● Problem statement
Output the records that follow, with every character intact.

● Records for processing
definition face_dist :: "nat \<Rightarrow> nat \<Rightarrow> nat list \<Rightarrow> nat" where
  "face_dist m i0 v = Min (insert (2 * m) ((\<lambda>j. end_dist m (v ! j)) ` ({..<length v} - {i0})))"

lemma face_dist_le: "face_dist m i0 v \<le> 2 * m"
  unfolding face_dist_def by (rule Min_le) auto

lemma face_dist_eq_0:
  assumes "j < length v" "j \<noteq> i0" "v ! j = 0 \<or> v ! j = 6 * m"
  shows "face_dist m i0 v = 0"
proof -
  have "face_dist m i0 v \<le> end_dist m (v ! j)"
    unfolding face_dist_def by (rule Min_le) (use assms(1,2) in auto)
  also have "end_dist m (v ! j) = 0"
    using assms(3) by (auto simp: end_dist_def)
  finally show ?thesis by simp
qed

lemma face_dist_eq_2m:
  assumes "\<And>j. j < length v \<Longrightarrow> j \<noteq> i0 \<Longrightarrow> 2 * m \<le> v ! j \<and> v ! j \<le> 4 * m"
  shows "face_dist m i0 v = 2 * m"
proof (rule antisym)
  show "2 * m \<le> face_dist m i0 v"
    unfolding face_dist_def using assms by (fastforce simp: Min_ge_iff end_dist_def)
qed (rule face_dist_le)

lemma face_dist_cong:
  assumes "length u = length v"
    and "\<And>j. j < length v \<Longrightarrow> j \<noteq> i0 \<Longrightarrow> end_dist m (u ! j) = end_dist m (v ! j)"
  shows "face_dist m i0 u = face_dist m i0 v"
  unfolding face_dist_def using assms
  by (intro arg_cong[where f = Min] arg_cong[where f = "insert _"] image_cong) auto

lemma I_arrow_face_dist:
  assumes "length u = length v" "j < length v" "j \<noteq> i0" "I_arrow (u ! j) (v ! j)"
    "\<And>l. l < length v \<Longrightarrow> l \<noteq> j \<Longrightarrow> u ! l = v ! l"
  shows "I_arrow (face_dist m i0 u) (face_dist m i0 v)"
  unfolding face_dist_def assms(1) using assms(2-5)
  by (intro I_arrow_Min_insert_image I_arrow_end_dist) auto

definition push :: "nat \<Rightarrow> nat \<Rightarrow> nat \<Rightarrow> nat \<Rightarrow> nat" where
  "push m eps h x = (if eps = 0 then max h x else min (2 * m - h) x)"

lemma I_arrow_push: "I_arrow x y \<Longrightarrow> I_arrow (push m eps h x) (push m eps h y)"
  unfolding push_def by (auto intro: I_arrow_max I_arrow_min)

lemma I_arrow_push_shift: "I_arrow h h' \<Longrightarrow> I_arrow (push m eps h x) (push m eps h' x)"
  unfolding push_def max.commute[of _ x] min.commute[of _ x]
  by (simp add: I_arrow_max I_arrow_min I_arrow_diff_left)

lemma push_le: "h \<le> 2 * m \<Longrightarrow> x \<le> 2 * m \<Longrightarrow> push m eps h x \<le> 2 * m"
  unfolding push_def by auto

lemma push_0: "x \<le> 2 * m \<Longrightarrow> push m eps 0 x = x"
  unfolding push_def by auto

● Answer section
definition face_dist :: "nat \<Rightarrow> nat \<Rightarrow> nat list \<Rightarrow> nat" where
  "face_dist m i0 v = Min (insert (2 * m) ((\<lambda>j. end_dist m (v ! j)) ` ({..<length v} - {i0})))"

lemma face_dist_le: "face_dist m i0 v \<le> 2 * m"
  unfolding face_dist_def by (rule Min_le) auto

lemma face_dist_eq_0:
  assumes "j < length v" "j \<noteq> i0" "v ! j = 0 \<or> v ! j = 6 * m"
  shows "face_dist m i0 v = 0"
proof -
  have "face_dist m i0 v \<le> end_dist m (v ! j)"
    unfolding face_dist_def by (rule Min_le) (use assms(1,2) in auto)
  also have "end_dist m (v ! j) = 0"
    using assms(3) by (auto simp: end_dist_def)
  finally show ?thesis by simp
qed

lemma face_dist_eq_2m:
  assumes "\<And>j. j < length v \<Longrightarrow> j \<noteq> i0 \<Longrightarrow> 2 * m \<le> v ! j \<and> v ! j \<le> 4 * m"
  shows "face_dist m i0 v = 2 * m"
proof (rule antisym)
  show "2 * m \<le> face_dist m i0 v"
    unfolding face_dist_def using assms by (fastforce simp: Min_ge_iff end_dist_def)
qed (rule face_dist_le)

lemma face_dist_cong:
  assumes "length u = length v"
    and "\<And>j. j < length v \<Longrightarrow> j \<noteq> i0 \<Longrightarrow> end_dist m (u ! j) = end_dist m (v ! j)"
  shows "face_dist m i0 u = face_dist m i0 v"
  unfolding face_dist_def using assms
  by (intro arg_cong[where f = Min] arg_cong[where f = "insert _"] image_cong) auto

lemma I_arrow_face_dist:
  assumes "length u = length v" "j < length v" "j \<noteq> i0" "I_arrow (u ! j) (v ! j)"
    "\<And>l. l < length v \<Longrightarrow> l \<noteq> j \<Longrightarrow> u ! l = v ! l"
  shows "I_arrow (face_dist m i0 u) (face_dist m i0 v)"
  unfolding face_dist_def assms(1) using assms(2-5)
  by (intro I_arrow_Min_insert_image I_arrow_end_dist) auto

definition push :: "nat \<Rightarrow> nat \<Rightarrow> nat \<Rightarrow> nat \<Rightarrow> nat" where
  "push m eps h x = (if eps = 0 then max h x else min (2 * m - h) x)"

lemma I_arrow_push: "I_arrow x y \<Longrightarrow> I_arrow (push m eps h x) (push m eps h y)"
  unfolding push_def by (auto intro: I_arrow_max I_arrow_min)

lemma I_arrow_push_shift: "I_arrow h h' \<Longrightarrow> I_arrow (push m eps h x) (push m eps h' x)"
  unfolding push_def max.commute[of _ x] min.commute[of _ x]
  by (simp add: I_arrow_max I_arrow_min I_arrow_diff_left)

lemma push_le: "h \<le> 2 * m \<Longrightarrow> x \<le> 2 * m \<Longrightarrow> push m eps h x \<le> 2 * m"
  unfolding push_def by auto

lemma push_0: "x \<le> 2 * m \<Longrightarrow> push m eps 0 x = x"
  unfolding push_def by auto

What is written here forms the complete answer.